Door het halo effect (Een algemene positieve indruk van een persoon, product of merk baseren op één kenmerk – Red.) ontstaat het gevoel van een gezamenlijke roeping. De Bruin waarschuwt voor een ideologische tunnelvisie. Maar hebben voetbalsupporters of liefhebbers van een bepaalde muziekband niet last van eenzelfde subjectieve verheerlijking die in uiterste gevallen kan leiden tot overdreven overtuigd en betrokken gedrag? Dus ja, bestuurders van stichtingen zijn net (gewone) mensen, niets menselijks is hun vreemd.

Checks and balances

Overdreven overtuigd en betrokken gedrag komt niet uitsluitend voor in organisaties die sterk roeping gedreven zijn. In de discussies over de klimaatcrisis speelt dit dagelijks. Het gevaar ontstaat dat men te overtuigd raakt van zijn/haar eigen gelijk en niet meer open staat voor andere meningen. Echter er zijn voldoende mogelijkheden bij stichtingen om de kans hierop te verkleinen. In eerste instantie biedt een robuuste interne governance hiervoor een oplossing.

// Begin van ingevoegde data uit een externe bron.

lemma Wf_newton_expansion_upto:
  assumes "j \<le> n"
  shows "monom 1 j = (\<Sum>k\<le>n. smult (Wf m \<alpha> j k) (gfall m \<alpha> k))"
proof -
  have "(\<Sum>k\<le>n. smult (Wf m \<alpha> j k) (gfall m \<alpha> k)) = (\<Sum>k\<le>j. smult (Wf m \<alpha> j k) (gfall m \<alpha> k))"
    using assms Wf_newton_expansion[of j m \<alpha>] by (intro sum.mono_neutral_right) auto
  with Wf_newton_expansion[of j m \<alpha>] show ?thesis by simp
qed

section \<open>Whitney-Lah numbers as Newton coordinates of the rising product\<close>

definition grise :: "real \<Rightarrow> (nat \<Rightarrow> real) \<Rightarrow> nat \<Rightarrow> real poly" where
  "grise m \<alpha> n = (\<Prod>i<n. [:wnode m \<alpha> i, 1:])"

lemma grise_0 [simp]: "grise m \<alpha> 0 = 1"
  by (simp add: grise_def)

lemma grise_Suc: "grise m \<alpha> (Suc n) = [:wnode m \<alpha> n, 1:] * grise m \<alpha> n"
  by (simp add: grise_def mult.commute)

lemma poly_grise: "poly (grise m \<alpha> n) x = (-1) ^ n * poly (gfall m \<alpha> n) (- x)"
  by (induction n) (simp_all add: grise_Suc gfall_Suc algebra_simps)

lemma grise_eq_signed_wf:
  "grise m \<alpha> n = (\<Sum>j\<le>n. smult ((-1) ^ (n - j) * wf m \<alpha> n j) (monom 1 j))"
proof -
  have sign: "(-1) ^ (n - j) * x ^ j = (-1) ^ n * (- x) ^ j" if "j \<le> n" for j and x :: real
  proof -
    have split: "(-1) ^ n = (-1) ^ (n - j) * (-1::real) ^ j"
      using that by (simp flip: power_add)
    have "(-1) ^ n * (- x) ^ j = (-1) ^ (n - j) * ((-1) ^ j * (-1) ^ j) * x ^ j"
      by (simp only: split power_minus[of x j] mult.assoc)
    also have "(-1::real) ^ j * (-1) ^ j = 1"
      by (simp flip: power_mult_distrib)
    finally show ?thesis by simp
  qed
  have "poly (grise m \<alpha> n) x
      = poly (\<Sum>j\<le>n. smult ((-1) ^ (n - j) * wf m \<alpha> n j) (monom 1 j)) x" for x
  proof -
    have "poly (grise m \<alpha> n) x = (\<Sum>j\<le>n. (-1) ^ n * (wf m \<alpha> n j * (- x) ^ j))"
      by (simp add: poly_grise poly_altdef[of "gfall m \<alpha> n"] wf_def sum_distrib_left)
    also have "\<dots> = (\<Sum>j\<le>n. (-1) ^ (n - j) * wf m \<alpha> n j * x ^ j)"
      by (intro sum.cong refl) (simp add: sign mult.left_commute)
    finally show ?thesis by (simp add: poly_sum poly_monom)
  qed
  then show ?thesis by (simp add: poly_eq_poly_eq_iff[symmetric] fun_eq_iff)
qed

lemma Lah_eq_0: "n < k \<Longrightarrow> Lah m \<alpha> n k = 0"
  by (simp add: Lah_def)

lemma Lah_eq_sum_atMost: "Lah m \<alpha> n k = (\<Sum>j\<le>n. (-1) ^ (n - j) * wf m \<alpha> n j * Wf m \<alpha> j k)"
  unfolding Lah_def
  using Wf_newton_expansion[of _ m \<alpha>]
  by (intro sum.mono_neutral_left) auto

lemma smult_sum_right: "smult c (\<Sum>i\<in>S. f i) = (\<Sum>i\<in>S. smult c (f i))"
  by (induction S rule: infinite_finite_induct) (simp_all add: smult_add_right)

lemma Lah_newton_expansion: "(\<Sum>k\<le>n. smult (Lah m \<alpha> n k) (gfall m \<alpha> k)) = grise m \<alpha> n"
proof -
  let ?w = "\<lambda>j. (-1) ^ (n - j) * wf m \<alpha> n j"
  have "(\<Sum>k\<le>n. smult (Lah m \<alpha> n k) (gfall m \<alpha> k))
      = (\<Sum>k\<le>n. \<Sum>j\<le>n. smult (?w j) (smult (Wf m \<alpha> j k) (gfall m \<alpha> k)))"
    by (simp add: Lah_eq_sum_atMost smult_sum)
  also have "\<dots> = (\<Sum>j\<le>n. \<Sum>k\<le>n. smult (?w j) (smult (Wf m \<alpha> j k) (gfall m \<alpha> k)))"
    by (rule sum.swap)
  also have "\<dots> = (\<Sum>j\<le>n. smult (?w j) (monom 1 j))"
    by (intro sum.cong refl)
       (simp only: atMost_iff smult_sum_right[symmetric] Wf_newton_expansion_upto[symmetric])
  finally show ?thesis by (simp add: grise_eq_signed_wf)
qed

lemma pCons_mult_gfall:
  "[:c, 1:] * gfall m \<alpha> l = gfall m \<alpha> (Suc l) + smult (c + wnode m \<alpha> l) (gfall m \<alpha> l)"
  by (simp add: gfall_Suc mult_pCons_left smult_add_left algebra_simps)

Zorg dat er voldoende check and balances zijn, bijvoorbeeld via een Raad van Toezicht of andere (externe) organen. Zorg daarnaast voor een periodieke zelfevaluatie onder leiding van een externe deskundige. Daarnaast zijn er koepelorganisaties, zoals de FIN, de Vereniging van Fondsen in Nederland (brancheorganisatie voor vermogensfondsen en corporate foundations), Goede Doelen Nederland (brancheorganisatie voor fondsenwervende instellingen). Door op deze manier een robuuste organisatie te creëren, met voldoende momenten van (zelf)reflectie kan een gedreven organisatie worden gewaarborgd zonder de algemene fatsoensnormen uit het oog te verliezen.

Bestuurders bij goede-doelenstichtingen en vermogensfondsen doen met veel passie belangrijk werk en dat moeten we waarderen en koesteren. Dat werk geeft veel voldoening zowel bij hen die geven in termen van geld, tijd en kennis als bij de ontvangers. Het enthousiasme van deze mensen is aanstekelijk en ik word zelf altijd blij wanneer ik voor en met hen mag werken.

 


*De kop van dit artikel is geïnspireerd op een boektitel van journalist en schrijver Joris Luyendijk, Het zijn net mensen (Uitgeverij Podium 2006).

**Marcel Mauss, Essai sur le don. Forme et raison de l’échange dans les sociétés archaïques (1923/24). Vertaald in het Nederlands door Jeanne Holierhoek als Essay over de gift (2014).

***Isabel de Bruin, The dark side of the NGO Halo. Exploring moral goodness as a driver for NGO unethical behavior (Rotterdam 2024).

Ruud van de Ven is wealth manager Verenigingen & Stichtingen bij Van Lanschot Kempen.